The railway through Carshalton Beeches opened in 1847 when track was laid between Epsom, Sutton and West Croydon but it was not until 1 October 1906 that a halt named Beeches Halt was opened in the small settlement, at the north end of Beeches Avenue (at the time called Beechnut Tree Walk). That same year a tram service between Sutton and Croydon opened. Beeches Halt was served by steam rail-motors (early multiple units) running between West Croydon and Epsom Downs.

As residential development continued, demand increased and the Sutton to London line was electrified in 1925 using 6600 V, 25 Hz AC, overhead electrification (OLE), replacing passenger steam traction. At that time the halt was upgraded, a new station built, renamed Carshalton Beeches on 1 April 1925 and the road bridge was rebuilt. The OLE was replaced by the Southern standard of 650 V DC third rail in 1930.

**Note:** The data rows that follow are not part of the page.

(* Let $\alpha,g_0,\kappa_0,b_0>0$ and $\lambda>2b_0$. For $\Delta\tau>0$ put $K=\frac{2\lambda\kappa_0}{\alpha g_0\Delta\tau}$ and $C=C(\Delta\tau)=\frac{\alpha g_0\Delta\tau}{2\lambda\kappa_0}$, and for real nonzero $b\neq b'$ define $$S_{+-}(b,b')=\frac{C^2}{b_0\pi}\int_{-\infty}^{\infty}e^{-i\lambda b''}\,\frac{\sin^2(b_0b'')}{b''^2}\,\frac{\sin[K(b-b'')]}{b-b''}\,\frac{\sin[K(b''-b')]}{b''-b'}\,db''.$$ Then $$S_{+-}(b,b')=\begin{cases}G_1(b,b'), & 0<\Delta\tau\le\frac{4\lambda\kappa_0}{\alpha g_0(\lambda+2b_0)},\\ G_2(b,b'), & \frac{4\lambda\kappa_0}{\alpha g_0(\lambda+2b_0)}\le\Delta\tau\le\frac{4\kappa_0}{\alpha g_0},\\ G_3(b,b'), & \frac{4\kappa_0}{\alpha g_0}\le\Delta\tau\le\frac{4\lambda\kappa_0}{\alpha g_0(\lambda-2b_0)},\\ 0, & \Delta\tau\ge\frac{4\lambda\kappa_0}{\alpha g_0(\lambda-2b_0)},\end{cases}$$ where $G_1=\frac{iC^2}{2b_0}\Big[\frac{e^{-i\lambda b'-iK(b-b')}}{b-b'}\frac{\sin^2(b_0b')}{b'^2}-\frac{e^{-i\lambda b+iK(b-b')}}{b-b'}\frac{\sin^2(b_0b)}{b^2}\Big]$, $G_2=\frac{C^2}{8b_0}\Big[\frac{f(b')e^{-iK(b-b')}}{b-b'}-\frac{f(b)e^{iK(b-b')}}{b-b'}-\frac{\phi_+(b,b')e^{-iK(b+b')}}{bb'}\Big]$, $G_3=\frac{C^2}{8b_0}\Big[\frac{h(b)e^{iK(b-b')}}{b-b'}-\frac{h(b')e^{-iK(b-b')}}{b-b'}+\frac{\phi_-(b,b')e^{-iK(b+b')}}{bb'}\Big]$, with $f(x)=i\,e^{-i\lambda x}[4\sin^2(b_0x)+e^{-2ib_0x}]/x^2$, $h(x)=i\,e^{-i(\lambda-2b_0)x}/x^2$, and $\phi_\pm(b,b')=\pm2b_0+\lambda+i\frac{b+b'}{bb'}-2K$. In particular the pointer states are exactly orthogonal ($S_{+-}\equiv0$) for $\Delta\tau\ge\frac{4\lambda\kappa_0}{\alpha g_0(\lambda-2b_0)}$.
   Context: This is the orthogonality function for the two pointer states in the measurement of $S_z$ of a spin-1/2 particle with probe initial state $\frac{1}{\sqrt{\kappa_0\pi}}\frac{\sin(\kappa_0 q)}{q}$ and pointer initial state $\frac{1}{\sqrt{b_0\pi}}\frac{\sin(b_0 b)}{b}$. *)

theory Defs
  imports "HOL-Analysis.Analysis"
begin

definition Kc :: "real \<Rightarrow> real \<Rightarrow> real \<Rightarrow> real \<Rightarrow> real \<Rightarrow> real" where
  "Kc al g0 k0 lam dt = 2 * lam * k0 / (al * g0 * dt)"

definition Cc :: "real \<Rightarrow> real \<Rightarrow> real \<Rightarrow> real \<Rightarrow> real \<Rightarrow> real" where
  "Cc al g0 k0 lam dt = al * g0 * dt / (2 * lam * k0)"

definition Spm_integrand ::
  "real \<Rightarrow> real \<Rightarrow> real \<Rightarrow> real \<Rightarrow> real \<Rightarrow> real \<Rightarrow> real \<Rightarrow> real \<Rightarrow> real \<Rightarrow> complex" where
  "Spm_integrand al g0 k0 b0 lam dt b b' x =
     (let K = Kc al g0 k0 lam dt in
      exp (- \<i> * complex_of_real (lam * x)) *
      complex_of_real ((sin (b0 * x))\<^sup>2 / x\<^sup>2 * (sin (K * (b - x)) / (b - x))
                        * (sin (K * (x - b')) / (x - b'))))"

definition Spm ::
  "real \<Rightarrow> real \<Rightarrow> real \<Rightarrow> real \<Rightarrow> real \<Rightarrow> real \<Rightarrow> real \<Rightarrow> real \<Rightarrow> complex" where
  "Spm al g0 k0 b0 lam dt b b' =
     complex_of_real ((Cc al g0 k0 lam dt)\<^sup>2 / (b0 * pi)) *
     (LINT x|lborel. Spm_integrand al g0 k0 b0 lam dt b b' x)"

definition f_aux :: "real \<Rightarrow> real \<Rightarrow> real \<Rightarrow> complex" where
  "f_aux b0 lam x = \<i> * exp (- \<i> * complex_of_real (lam * x)) *
     (complex_of_real (4 * (sin (b0 * x))\<^sup>2) + exp (- 2 * \<i> * complex_of_real (b0 * x)))
     / complex_of_real (x\<^sup>2)"

definition h_aux :: "real \<Rightarrow> real \<Rightarrow> real \<Rightarrow> complex" where
  "h_aux b0 lam x = \<i> * exp (- \<i> * complex_of_real ((lam - 2 * b0) * x)) / complex_of_real (x\<^sup>2)"

text \<open>phi_plus (s = 1) and phi_minus (s = -1): s*2*b0 + lam + i (b+b')/(b b') - 2K.\<close>
definition phi_aux :: "real \<Rightarrow> real \<Rightarrow> real \<Rightarrow> real \<Rightarrow> real \<Rightarrow> real \<Rightarrow> complex" where
  "phi_aux s b0 lam K b b' = complex_of_real (s * 2 * b0 + lam)
     + \<i> * complex_of_real ((b + b') / (b * b')) - complex_of_real (2 * K)"

definition G1 :: "real \<Rightarrow> real \<Rightarrow> real \<Rightarrow> real \<Rightarrow> real \<Rightarrow> real \<Rightarrow> real \<Rightarrow> real \<Rightarrow> complex" where
  "G1 al g0 k0 b0 lam dt b b' =
    (let K = Kc al g0 k0 lam dt; C = Cc al g0 k0 lam dt in
     \<i> * complex_of_real (C\<^sup>2 / (2 * b0)) *
     (exp (- \<i> * complex_of_real (lam * b') - \<i> * complex_of_real (K * (b - b')))
        / complex_of_real (b - b') * complex_of_real ((sin (b0 * b'))\<^sup>2 / b'\<^sup>2)
      - exp (- \<i> * complex_of_real (lam * b) + \<i> * complex_of_real (K * (b - b')))
        / complex_of_real (b - b') * complex_of_real ((sin (b0 * b))\<^sup>2 / b\<^sup>2)))"

definition G2 :: "real \<Rightarrow> real \<Rightarrow> real \<Rightarrow> real \<Rightarrow> real \<Rightarrow> real \<Rightarrow> real \<Rightarrow> real \<Rightarrow> complex" where
  "G2 al g0 k0 b0 lam dt b b' =
    (let K = Kc al g0 k0 lam dt; C = Cc al g0 k0 lam dt in
     complex_of_real (C\<^sup>2 / (8 * b0)) *
     (f_aux b0 lam b' * exp (- \<i> * complex_of_real (K * (b - b'))) / complex_of_real (b - b')
      - f_aux b0 lam b * exp (\<i> * complex_of_real (K * (b - b'))) / complex_of_real (b - b')
      - phi_aux 1 b0 lam K b b' * exp (- \<i> * complex_of_real (K * (b + b')))
          / complex_of_real (b * b')))"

The station's centenary was celebrated in October 2006 and in September 2010 the station foyer was completely reworked to allow a larger ticket office and for electronic ticket barriers to be put in. These are now operational. Further work was completed in 2012 giving disabled access to the London-bound platform only and also adding an area for the parking of bicycles.

==Connections==
The London Bus Route 154 serves the station; connects the area with Carshalton-on-the-Hill, South Beddington, St Helier Hospital, and Morden.

==Local attractions close to the station==
There are two lavender fields within walking distance of the station. One is at Oaks Way, on the Stanley Park Allotments and is run as a not-for-profit community project; set up from the European funded BioRegional development fund.

The Mayfield Lavender Field is situated near Oaks Park and is just over a mile walk from the station. This is a 25-acre commercial site in Croydon Lane and, due to its size, is popular for photography and overseas visitors.

The Oaks Park is situated less than a mile walk along Beeches Avenue and Woodmansterne Road.

There are various walking paths 10–15 minutes walk from the station along Woodmansterne Road – Sutton Countryside Walk and the London Loop (section 5 and 6). Also, national cycle route 20 passes the station.

Little Holland House is located less than a five-minute walk from the station. Situated on Beeches Avenue, the house is an example of the local Arts and Crafts movement in the early 20th century.